OBJECTIVES: It has been demonstrated that the deleterious effect of smoking on the cardiovascular system is mediated through a decrease in protective HDL cholesterol. In addition, women are more sensitive to the negative effects of smoking, although the exact mechanism underlying this phenomenon is currently unknown. In this study, we evaluated whether smoking habits could modify the association of HDL cholesterol and apolipoprotein A1 (ApoA1) with reverse cholesterol transport (RCT), as measured by cholesterol efflux (CHE), in middle-aged women.

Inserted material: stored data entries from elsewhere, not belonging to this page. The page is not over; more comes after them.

(* Let $X \sim \mathcal{N}(\mu,\sigma^2)$ be a single observation, with $\mu\in\mathbb{R}$ and $\sigma>0$ unknown, and for $c>1$ let $I_1(c) = (X - c|X|,\; X + c|X|)$. Then the coverage probability $P_{\mu,\sigma}(\mu \in I_1(c))$ depends on $(\mu,\sigma)$ only through $\lambda=\mu/\sigma$ and is an even function of $\lambda$. Writing $\lambda = |\mu|/\sigma \ge 0$, it equals $$P_1(\lambda,c) = \Phi\Big(\frac{c}{c+1}\lambda\Big) + 1 - \Phi\Big(\frac{c}{c-1}\lambda\Big).$$ Over $\lambda\ge 0$, $P_1(\lambda,c)$ is minimized at $$\lambda^*(c) = \frac{c^2-1}{\sqrt{2}\,c^{3/2}}\sqrt{\log\frac{c+1}{c-1}}.$$ Consequently, for every $\alpha$ with $0<\alpha<1/2$ there exists a constant $c=c(\alpha)>1$ such that $\inf_{\mu\in\mathbb{R},\sigma>0} P_{\mu,\sigma}(\mu\in I_1(c(\alpha))) \ge 1-\alpha$.
   Context: $\Phi$ denotes the standard normal cumulative distribution function. $I_1(c)$ is the (Abbott–Rosenblatt) interval centered at the single observation $X$ with half-length $c|X|$. *)

theory Defs
  imports "HOL-Probability.Probability"
begin

definition Phi :: "real \<Rightarrow> real" where
  "Phi t = measure (density lborel std_normal_density) {..t}"

definition normal_law :: "real \<Rightarrow> real \<Rightarrow> real measure" where
  "normal_law \<mu> \<sigma> = density lborel (normal_density \<mu> \<sigma>)"

definition coverage :: "real \<Rightarrow> real \<Rightarrow> real \<Rightarrow> real" where
  "coverage c \<mu> \<sigma> =
     measure (normal_law \<mu> \<sigma>) {x. x - c * \<bar>x\<bar> < \<mu> \<and> \<mu> < x + c * \<bar>x\<bar>}"

definition P1 :: "real \<Rightarrow> real \<Rightarrow> real" where
  "P1 l c = Phi (c / (c + 1) * l) + 1 - Phi (c / (c - 1) * l)"
(* Fix $\varepsilon\in(0,1)$, $n\ge2$, and suppose $\boldsymbol{X}\sim P(n,\tau,\mu_{\mathrm{L}},\mu_{\mathrm{R}})$ for some $\tau\in[n-1]$ and $\mu_{\mathrm{L}},\mu_{\mathrm{R}}\in\mathbb{R}$; let $\eta=\tau/n$. (a) If $\mu_{\mathrm{L}}=\mu_{\mathrm{R}}$, then $\mathbb{P}\{\max_{t\in T_0}|\boldsymbol{v}_t^\top\boldsymbol{X}|>\sqrt{2\log(|T_0|/\varepsilon)}\}\le\varepsilon$. (b) If $|\mu_{\mathrm{L}}-\mu_{\mathrm{R}}|\sqrt{\eta(1-\eta)}>\sqrt{24\log(|T_0|/\varepsilon)/n}$, then $\mathbb{P}\{\max_{t\in T_0}|\boldsymbol{v}_t^\top\boldsymbol{X}|\le\sqrt{2\log(|T_0|/\varepsilon)}\}\le\varepsilon$.
   Context: $P(n,\tau,\mu_{\mathrm{L}},\mu_{\mathrm{R}})$ is the law of $N_n(\boldsymbol{\mu},I_n)$ with $\mu_i=\mu_{\mathrm{L}}\mathbb{1}\{i\le\tau\}+\mu_{\mathrm{R}}\mathbb{1}\{i>\tau\}$. For $t\in[n-1]$, $\boldsymbol{v}_t=\bigl(\sqrt{\tfrac{n-t}{tn}}\boldsymbol{1}_t^\top,-\sqrt{\tfrac{t}{(n-t)n}}\boldsymbol{1}_{n-t}^\top\bigr)^\top$. With $Q=\lfloor\log_2(n/2)\rfloor$, $T_0=\{2^q:0\le q\le Q\}\cup\{n-2^q:0\le q\le Q\}$. *)

theory Defs
  imports "HOL-Probability.Probability"
begin

text \<open>Coordinates are indexed by 1..n; vectors are functions nat => real.\<close>

definition cp_mean :: "nat \<Rightarrow> real \<Rightarrow> real \<Rightarrow> nat \<Rightarrow> real" where
  "cp_mean \<tau> \<mu>L \<mu>R i = (if i \<le> \<tau> then \<mu>L else \<mu>R)"

definition cp_law :: "nat \<Rightarrow> nat \<Rightarrow> real \<Rightarrow> real \<Rightarrow> (nat \<Rightarrow> real) measure" where
  "cp_law n \<tau> \<mu>L \<mu>R =
     (\<Pi>\<^sub>M i\<in>{1..n}. density lborel (normal_density (cp_mean \<tau> \<mu>L \<mu>R i) 1))"

definition cp_v :: "nat \<Rightarrow> nat \<Rightarrow> nat \<Rightarrow> real" where
  "cp_v n t i = (if i \<le> t then sqrt ((real n - real t) / (real t * real n))
                 else - sqrt (real t / ((real n - real t) * real n)))"

definition cp_inner :: "nat \<Rightarrow> nat \<Rightarrow> (nat \<Rightarrow> real) \<Rightarrow> real" where
  "cp_inner n t x = (\<Sum>i=1..n. cp_v n t i * x i)"

definition cp_Q :: "nat \<Rightarrow> nat" where
  "cp_Q n = nat \<lfloor>log 2 (real n / 2)\<rfloor>"

definition cp_T0 :: "nat \<Rightarrow> nat set" where
  "cp_T0 n = {2 ^ q | q. q \<le> cp_Q n} \<union> {n - 2 ^ q | q. q \<le> cp_Q n}"

definition cp_stat :: "nat \<Rightarrow> (nat \<Rightarrow> real) \<Rightarrow> real" where
  "cp_stat n x = Max ((\<lambda>t. \<bar>cp_inner n t x\<bar>) ` cp_T0 n)"

end

(* Every contrast vector v_t has unit norm, so v_t' X ~ N(v_t' mu, 1), and
   P(|v_t' X - v_t' mu| > s) <= exp(-s^2/2).  With c^2 = 2 log(|T_0|/eps) each of these
   events has probability at most eps/|T_0|.
   (a) If mu_L = mu_R, every v_t' mu vanishes and a union bound over T_0 gives eps.
   (b) T_0 contains t = 2^q with tau/2 < t <= tau (or, when tau > n/2, t = n - 2^q with
   n - t and n - tau in the same relation).  For this t,
   (v_t' mu)^2 >= (mu_L - mu_R)^2 tau (n - tau) / (3 n), which the hypothesis makes larger
   than (2c)^2; so max_t |v_t' X| <= c forces |v_t' X - v_t' mu| > c. *)
theory Submission
  imports Defs
begin

section \<open>Gaussian tails\<close>

lemma std_normal_density_shift_le:
  fixes s x :: real
  assumes "0 \<le> s" "s \<le> x"
  shows "std_normal_density x \<le> exp (- s\<^sup>2 / 2) * std_normal_density (x - s)"
proof -
  have "- x\<^sup>2 / 2 \<le> - s\<^sup>2 / 2 + - (x - s)\<^sup>2 / 2"
    using assms mult_left_mono[of s x s] by (simp add: power2_eq_square algebra_simps)
  then have "exp (- x\<^sup>2 / 2) \<le> exp (- s\<^sup>2 / 2) * exp (- (x - s)\<^sup>2 / 2)"
    by (simp add: mult_exp_exp)
  then show ?thesis
    by (simp add: std_normal_density_def divide_right_mono)
qed

(* Each half-line tail is moved onto a half-line through 0 at the cost of the factor
   exp(-s^2/2); the two moved pieces have total mass at most 1, so no factor 2 appears. *)
lemma nn_integral_std_normal_tail_le:
  fixes s :: real
  assumes s: "0 \<le> s"
  shows "(\<integral>\<^sup>+x\<in>{x. s < \<bar>x\<bar>}. std_normal_density x \<partial>lborel) \<le> exp (- s\<^sup>2 / 2)"
proof -
  let ?f = std_normal_density
  let ?right = "\<lambda>x. ennreal (?f (x - s) * indicator {s<..} x)"
  let ?left = "\<lambda>x. ennreal (?f (x + s) * indicator {..< -s} x)"
  have pointwise:
    "ennreal (?f x) * indicator {x. s < \<bar>x\<bar>} x \<le> exp (- s\<^sup>2 / 2) * (?right x + ?left x)" for x
  proof -
    consider "s < x" | "x < - s" | "\<bar>x\<bar> \<le> s"
      by linarith
    then show ?thesis
    proof cases
      case 1
      then have "?f x \<le> exp (- s\<^sup>2 / 2) * ?f (x - s)"
        using std_normal_density_shift_le[OF s] by simp
      with 1 s show ?thesis
        by (simp add: indicator_def ennreal_mult'[symmetric] ennreal_leI)
    next
      case 2
      have "?f (- x - s) = ?f (x + s)"
        by (simp add: std_normal_density_def power2_eq_square algebra_simps)
      then have "?f x \<le> exp (- s\<^sup>2 / 2) * ?f (x + s)"
        using std_normal_density_shift_le[OF s, of "- x"] 2 by (simp add: std_normal_density_def)
      with 2 s show ?thesis
        by (simp add: indicator_def ennreal_mult'[symmetric] ennreal_leI)
    qed (simp add: indicator_def)
  qed
  have "(\<integral>\<^sup>+x\<in>{x. s < \<bar>x\<bar>}. ?f x \<partial>lborel)
      \<le> (\<integral>\<^sup>+x. exp (- s\<^sup>2 / 2) * (?right x + ?left x) \<partial>lborel)"
    using pointwise by (intro nn_integral_mono) simp
  also have "\<dots> = exp (- s\<^sup>2 / 2) * ((\<integral>\<^sup>+x. ?right x \<partial>lborel) + (\<integral>\<^sup>+x. ?left x \<partial>lborel))"
    by (simp add: nn_integral_cmult nn_integral_add)
  also have "(\<integral>\<^sup>+x. ?right x \<partial>lborel) = (\<integral>\<^sup>+x. ?right (s + 1 * x) \<partial>lborel)"
    using nn_integral_real_affine[of ?right 1 s] by simp
  also have "\<dots> = (\<integral>\<^sup>+x. ?f x * indicator {0<..} x \<partial>lborel)"
    by (intro nn_integral_cong) (simp add: indicator_def)
  also have "(\<integral>\<^sup>+x. ?left x \<partial>lborel) = (\<integral>\<^sup>+x. ?left (- s + 1 * x) \<partial>lborel)"
    using nn_integral_real_affine[of ?left 1 "- s"] by simp
  also have "\<dots> = (\<integral>\<^sup>+x. ?f x * indicator {..<0} x \<partial>lborel)"
    by (intro nn_integral_cong) (simp add: indicator_def)
  also have "(\<integral>\<^sup>+x. ?f x * indicator {0<..} x \<partial>lborel)
      + (\<integral>\<^sup>+x. ?f x * indicator {..<0} x \<partial>lborel) \<le> (\<integral>\<^sup>+x. ?f x \<partial>lborel)"
    by (subst nn_integral_add[symmetric]) (auto intro!: nn_integral_mono simp: indicator_def)
  also have "(\<integral>\<^sup>+x. ?f x \<partial>lborel) = 1"
    by (simp add: nn_integral_eq_integral)
  finally show ?thesis
    by (simp add: mult_left_mono)
qed

lemma (in prob_space) normal_tail_le:
  fixes s m :: real
  assumes s: "0 \<le> s" and Y: "distributed M lborel Y (normal_density m 1)"
  shows "prob {x \<in> space M. s < \<bar>Y x - m\<bar>} \<le> exp (- s\<^sup>2 / 2)"
proof -
  have "distributed M lborel (\<lambda>x. - m + 1 * Y x) (normal_density (- m + 1 * m) (\<bar>1\<bar> * 1))"
    by (rule normal_density_affine[OF Y]) auto
  then have Z: "distributed M lborel (\<lambda>x. Y x - m) std_normal_density"
    by simp
  have "{x \<in> space M. s < \<bar>Y x - m\<bar>} = (\<lambda>x. Y x - m) -` {x. s < \<bar>x\<bar>} \<inter> space M"
    by auto
  then have "emeasure M {x \<in> space M. s < \<bar>Y x - m\<bar>}
      = (\<integral>\<^sup>+x\<in>{x. s < \<bar>x\<bar>}. std_normal_density x \<partial>lborel)"
    using distributed_emeasure[OF Z, of "{x. s < \<bar>x\<bar>}"] by simp
  also have "\<dots> \<le> exp (- s\<^sup>2 / 2)"
    by (rule nn_integral_std_normal_tail_le[OF s])
  finally show ?thesis
    by (simp add: emeasure_eq_measure)
qed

DESIGN: The study group consisted of 39 healthy middle-aged women, 21 non-smokers (age 51.8±2.5 years, BMI 25.1±2.8 kg/m2) and 18 smokers (age 50.5±3.2 years, BMI 24.8±3.5 kg/m2). In addition to all traditional cardiovascular risk factors, CHE from macrophages, labelled during a 48-hour incubation in a medium containing [14C] cholesterol, to plasma acceptors in study subjects was established as a marker of reverse cholesterol transport.
RESULTS: CHE was significantly higher in non-smokers than in smokers (14.22±1.75% vs. 13.17±1.33%; p<0.05). Smoking habit had no effect on the association of HDL with ApoA1 or HDL with CHE. However, in contrast to the strong association of ApoA1 with CHE in non-smokers (r=0.62; p<0.01), no such strong association was found in smokers (r=0.38; n.s.). Main findings and conclusion: Based on our results, smoking can alter ApoA1-mediated reverse cholesterol transport in women.